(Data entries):
'''

lemma rotate_two_phases_dist_sum:
  assumes "i \<noteq> j" "z \<in> csphere"
  shows "(\<Sum>k\<in>UNIV. (cmod (rotate_phases ((\<lambda>_. 1)(i := u, j := v)) z $ k - z $ k))\<^sup>2)
    \<le> (cmod (u - 1))\<^sup>2 + (cmod (v - 1))\<^sup>2"
proof -
  have "(cmod (((\<lambda>_. 1)(i := u, j := v)) k - 1))\<^sup>2
      = (if k = i then (cmod (u - 1))\<^sup>2 else 0) + (if k = j then (cmod (v - 1))\<^sup>2 else 0)" for k
    using assms(1) by simp
  then have "(\<Sum>k\<in>UNIV. (cmod (((\<lambda>_. 1)(i := u, j := v)) k - 1))\<^sup>2)
      = (cmod (u - 1))\<^sup>2 + (cmod (v - 1))\<^sup>2"
    by (simp add: sum.distrib)
  then show ?thesis using rotate_phases_dist_sum[OF assms(2)] by metis
qed

text \<open>If \<open>a\<^sup>* z = c > 0\<close> had two positive summands \<open>t\<^sub>i\<close> and \<open>t\<^sub>j\<close>, turning \<open>z\<^sub>i\<close> and
  \<open>z\<^sub>j\<close> by small opposite angles, with sines in ratio \<open>t\<^sub>j : t\<^sub>i\<close>, keeps \<open>a\<^sup>* z\<close> real, makes
  it smaller, and leaves all moduli unchanged.\<close>
lemma local_min_on_sphere_positive_product_unique:
  assumes "local_min_on_sphere a \<beta> z" "inner_aH a z = of_real c" "0 < c"
    and "cnj (a $ i) * z $ i = of_real ti" "0 < ti"
    and "cnj (a $ j) * z $ j = of_real tj" "0 < tj"
  shows "i = j"
proof (rule ccontr)
  assume "i \<noteq> j"
  obtain \<delta> where "0 < \<delta>"
    and min: "\<And>w. w \<in> csphere \<Longrightarrow> (\<Sum>k\<in>UNIV. (cmod (w $ k - z $ k))\<^sup>2) < \<delta> \<Longrightarrow> fobj a \<beta> z \<le> fobj a \<beta> w"
    using local_min_on_sphereE[OF assms(1)] by blast
  have "z \<in> csphere" using assms(1) unfolding local_min_on_sphere_def by blast
  have "\<forall>\<^sub>F H in at_right 0. H * tj\<^sup>2 < 1 \<and> H * ti\<^sup>2 < 1 \<and> H * (ti * tj * (ti + tj)) < 2 * c
      \<and> H * (2 * (ti\<^sup>2 + tj\<^sup>2)) < \<delta>"
    using \<open>0 < \<delta>\<close> \<open>0 < c\<close> by (intro eventually_conj eventually_at_right_0_mult_less) auto
  then obtain H where "0 < H" "H * tj\<^sup>2 < 1" "H * ti\<^sup>2 < 1" "H * (ti * tj * (ti + tj)) < 2 * c"
    "H * (2 * (ti\<^sup>2 + tj\<^sup>2)) < \<delta>"
    by (rule obtain_small_at_right_0) auto
  define x1 x2 where "x1 = sqrt H * tj" and "x2 = - sqrt H * ti"
  have x1_sq: "x1\<^sup>2 = H * tj\<^sup>2" and x2_sq: "x2\<^sup>2 = H * ti\<^sup>2"
    using \<open>0 < H\<close> by (simp_all add: x1_def x2_def power_mult_distrib)
  define \<xi>1 \<xi>2 where "\<xi>1 = sqrt (1 - x1\<^sup>2)" and "\<xi>2 = sqrt (1 - x2\<^sup>2)"
  note rot1 = unit_complex_near_one[of x1, folded \<xi>1_def]
    and rot2 = unit_complex_near_one[of x2, folded \<xi>2_def]
  define w where "w = rotate_phases ((\<lambda>_. 1)(i := Complex \<xi>1 x1, j := Complex \<xi>2 x2)) z"
  have unit: "cmod (((\<lambda>_. 1)(i := Complex \<xi>1 x1, j := Complex \<xi>2 x2)) k) = 1" for k
    using rot1(1) rot2(1) \<open>H * tj\<^sup>2 < 1\<close> \<open>H * ti\<^sup>2 < 1\<close> by (simp add: x1_sq x2_sq)
  define c' where "c' = c - (1 - \<xi>1) * ti - (1 - \<xi>2) * tj"
  have inner_w: "inner_aH a w = of_real c'"
    unfolding w_def inner_aH_rotate_two_phases[OF \<open>i \<noteq> j\<close>] assms(2,4,6)
    by (simp add: c'_def x1_def x2_def complex_eq_iff algebra_simps)
  have "\<bar>c'\<bar> < c"
  proof -
    have "0 < (1 - \<xi>1) * ti" "0 < (1 - \<xi>2) * tj"
      using \<open>0 < H\<close> \<open>H * tj\<^sup>2 < 1\<close> \<open>H * ti\<^sup>2 < 1\<close> \<open>0 < ti\<close> \<open>0 < tj\<close>
      by (simp_all add: \<xi>1_def \<xi>2_def x1_sq x2_sq)
    moreover have "(1 - \<xi>1) * ti \<le> H * tj\<^sup>2 * ti" "(1 - \<xi>2) * tj \<le> H * ti\<^sup>2 * tj"
      using one_minus_sqrt_one_minus_bounds(2)[of "x1\<^sup>2"] one_minus_sqrt_one_minus_bounds(2)[of "x2\<^sup>2"]
        \<open>0 < H\<close> \<open>H * tj\<^sup>2 < 1\<close> \<open>H * ti\<^sup>2 < 1\<close> \<open>0 < ti\<close> \<open>0 < tj\<close>
      by (auto simp: \<xi>1_def \<xi>2_def x1_sq x2_sq intro!: mult_right_mono)
    moreover have "H * tj\<^sup>2 * ti + H * ti\<^sup>2 * tj = H * (ti * tj * (ti + tj))"
      by (simp add: power2_eq_square algebra_simps)
    ultimately show ?thesis using \<open>H * (ti * tj * (ti + tj)) < 2 * c\<close> unfolding c'_def by linarith
  qed
  then have "\<bar>c'\<bar>\<^sup>2 < c\<^sup>2" by (rule power_strict_mono) simp_all
  moreover have "norm4_4 w = norm4_4 z"
    unfolding w_def using unit by (rule norm4_4_rotate_phases)
  ultimately have "fobj a \<beta> w < fobj a \<beta> z"
    unfolding fobj_def inner_w assms(2) by simp
  moreover have "w \<in> csphere" using unit \<open>z \<in> csphere\<close> by (simp add: w_def rotate_phases_mem_csphere)
  moreover have "(\<Sum>k\<in>UNIV. (cmod (w $ k - z $ k))\<^sup>2) < \<delta>"
  proof -
    have "(cmod (Complex \<xi>1 x1 - 1))\<^sup>2 + (cmod (Complex \<xi>2 x2 - 1))\<^sup>2 \<le> 2 * x1\<^sup>2 + 2 * x2\<^sup>2"
      using rot1(2) rot2(2) \<open>H * tj\<^sup>2 < 1\<close> \<open>H * ti\<^sup>2 < 1\<close> by (simp add: x1_sq x2_sq add_mono)
    also have "\<dots> = H * (2 * (ti\<^sup>2 + tj\<^sup>2))" by (simp add: x1_sq x2_sq algebra_simps)
    finally show ?thesis
      using rotate_two_phases_dist_sum[OF \<open>i \<noteq> j\<close> \<open>z \<in> csphere\<close>] \<open>H * (2 * (ti\<^sup>2 + tj\<^sup>2)) < \<delta>\<close>
      unfolding w_def by (meson le_less_trans order_trans)
  qed
  ultimately show False using min by fastforce
qed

'''

(Exercise requirements):
Above are some records; copy exactly the lines from the one with "using \<open>0 < \<delta>\<close>" through the one with "note rot1 = unit_complex_near_one[of", both included, and no others.

(Answer for the task):
    using \<open>0 < \<delta>\<close> \<open>0 < c\<close> by (intro eventually_conj eventually_at_right_0_mult_less) auto
  then obtain H where "0 < H" "H * tj\<^sup>2 < 1" "H * ti\<^sup>2 < 1" "H * (ti * tj * (ti + tj)) < 2 * c"
    "H * (2 * (ti\<^sup>2 + tj\<^sup>2)) < \<delta>"
    by (rule obtain_small_at_right_0) auto
  define x1 x2 where "x1 = sqrt H * tj" and "x2 = - sqrt H * ti"
  have x1_sq: "x1\<^sup>2 = H * tj\<^sup>2" and x2_sq: "x2\<^sup>2 = H * ti\<^sup>2"
    using \<open>0 < H\<close> by (simp_all add: x1_def x2_def power_mult_distrib)
  define \<xi>1 \<xi>2 where "\<xi>1 = sqrt (1 - x1\<^sup>2)" and "\<xi>2 = sqrt (1 - x2\<^sup>2)"
  note rot1 = unit_complex_near_one[of x1, folded \<xi>1_def]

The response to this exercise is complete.